Dr Pepper Snapple’s Earnings

In mid-February, Dr Pepper Snapple released its earnings for the fourth quarter of 2012. The company missed its estimates and reported earnings of $170 million, or 81 cents per share, versus 77 cents per share last year; analysts were expecting earnings per share of 85 cents. Revenues were up 1.6% to $1.48 billion, but didn’t meet market estimates of $1.49 billion.

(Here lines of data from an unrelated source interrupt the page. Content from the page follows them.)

definition penrose :: "nat set \<Rightarrow> complex^'n^'m \<Rightarrow> complex^'m^'n \<Rightarrow> bool" where
  "penrose S X G \<longleftrightarrow>
     (1 \<in> S \<longrightarrow> X ** G ** X = X) \<and>
     (2 \<in> S \<longrightarrow> G ** X ** G = G) \<and>
     (3 \<in> S \<longrightarrow> cadj (X ** G) = X ** G) \<and>
     (4 \<in> S \<longrightarrow> cadj (G ** X) = G ** X)"

definition ginvs :: "nat set \<Rightarrow> complex^'n^'m \<Rightarrow> (complex^'m^'n) set" where
  "ginvs S X = {G. penrose S X G}"

definition mpinv :: "complex^'n^'m \<Rightarrow> complex^'m^'n" where
  "mpinv X = (THE G. penrose {1,2,3,4} X G)"

end

theory Submission
  imports Defs
begin

text \<open>Both \<open>M{1,3,4}\<close> and \<open>A B{1,3,4} A\<^sup>-\<^sup>1\<close> are fibres of the map \<open>H \<mapsto> (M H, H M)\<close>:
  the first over \<open>(M M\<^sup>+, M\<^sup>+ M)\<close>, the second over \<open>(A B B\<^sup>+ A\<^sup>-\<^sup>1, A B\<^sup>+ B A\<^sup>-\<^sup>1)\<close>.
  So they meet iff they coincide iff the two pairs agree, and this also characterises
  \<open>M\<^sup>+ = A B\<^sup>+ A\<^sup>-\<^sup>1\<close>. As \<open>A B\<^sup>+ A\<^sup>-\<^sup>1\<close> is a \<open>{1}\<close>-inverse of \<open>M\<close>, the identity
  \<open>M M\<^sup>+ = A B B\<^sup>+ A\<^sup>-\<^sup>1\<close> holds iff the right-hand side is Hermitian, i.e.\ iff the
  orthogonal projector \<open>B B\<^sup>+\<close> commutes with \<open>A\<^sup>* A\<close>, i.e.\ iff the column space of \<open>B\<close> is
  \<open>A\<^sup>* A\<close>-invariant; dually for \<open>B\<^sup>+ B\<close> and \<open>B\<^sup>*\<close>. For unitary \<open>A\<close> the similarity
  preserves every Penrose equation.\<close>

lemma cadj_mult: "cadj (X ** Y) = cadj Y ** cadj X"
  by (simp add: cadj_def matrix_matrix_mult_def vec_eq_iff mult.commute)

lemma cadj_cadj [simp]: "cadj (cadj X) = X"
  by (simp add: cadj_def vec_eq_iff)

lemma cadj_mat_1 [simp]: "cadj (mat 1 :: complex^'n^'n) = mat 1"
  by (simp add: cadj_def mat_def vec_eq_iff)

lemma cadj_diff: "cadj (X - Y) = cadj X - cadj Y"
  by (simp add: cadj_def vec_eq_iff)

lemma matrix_diff_ldistrib: "(A::'a::ring_1^'n^'m) ** (B - C) = A ** B - A ** C"
  by (simp add: matrix_matrix_mult_def vec_eq_iff sum_subtractf algebra_simps)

According to the company, volumes declined by 1% amid a drop in beverage concentrates. Volume for the Dr Pepper brand was down 1%, while Snapple grew by 1%.

Forecast for 2013

As raw material costs are expected to remain high in 2013, Dr Pepper Snapple Group expects a slightly lower income than analysts’ estimates. High packaging and ingredients’ costs would add cost of goods sold to around 2%. Most of this increase is linked to higher costs of apples, while the rest is associated with corn and paper board. For the full year, the company expects earnings of $3.04 to $3.12 per share and sales growth of 3%. Analysts had expected an income of $3.20 per share on revenues of $6.17 billion.

Valuation

Dr Pepper Snapple Group is trading at a forward P/E (1yr) of 12.92x and has a dividend yield of 3.50. It has a PEG of 2.36 and a growth rate of 6%. Incorporating its dividend yield in its PEG gives us a PEGY of 1.5. Using an industry forward P/E of 15.1x, I would value Dr Pepper Snapple. But, as Dr Pepper Snapple faces competition from giants such as The Coca Cola Company and PepsiCo, I would value it using a discount of 10%.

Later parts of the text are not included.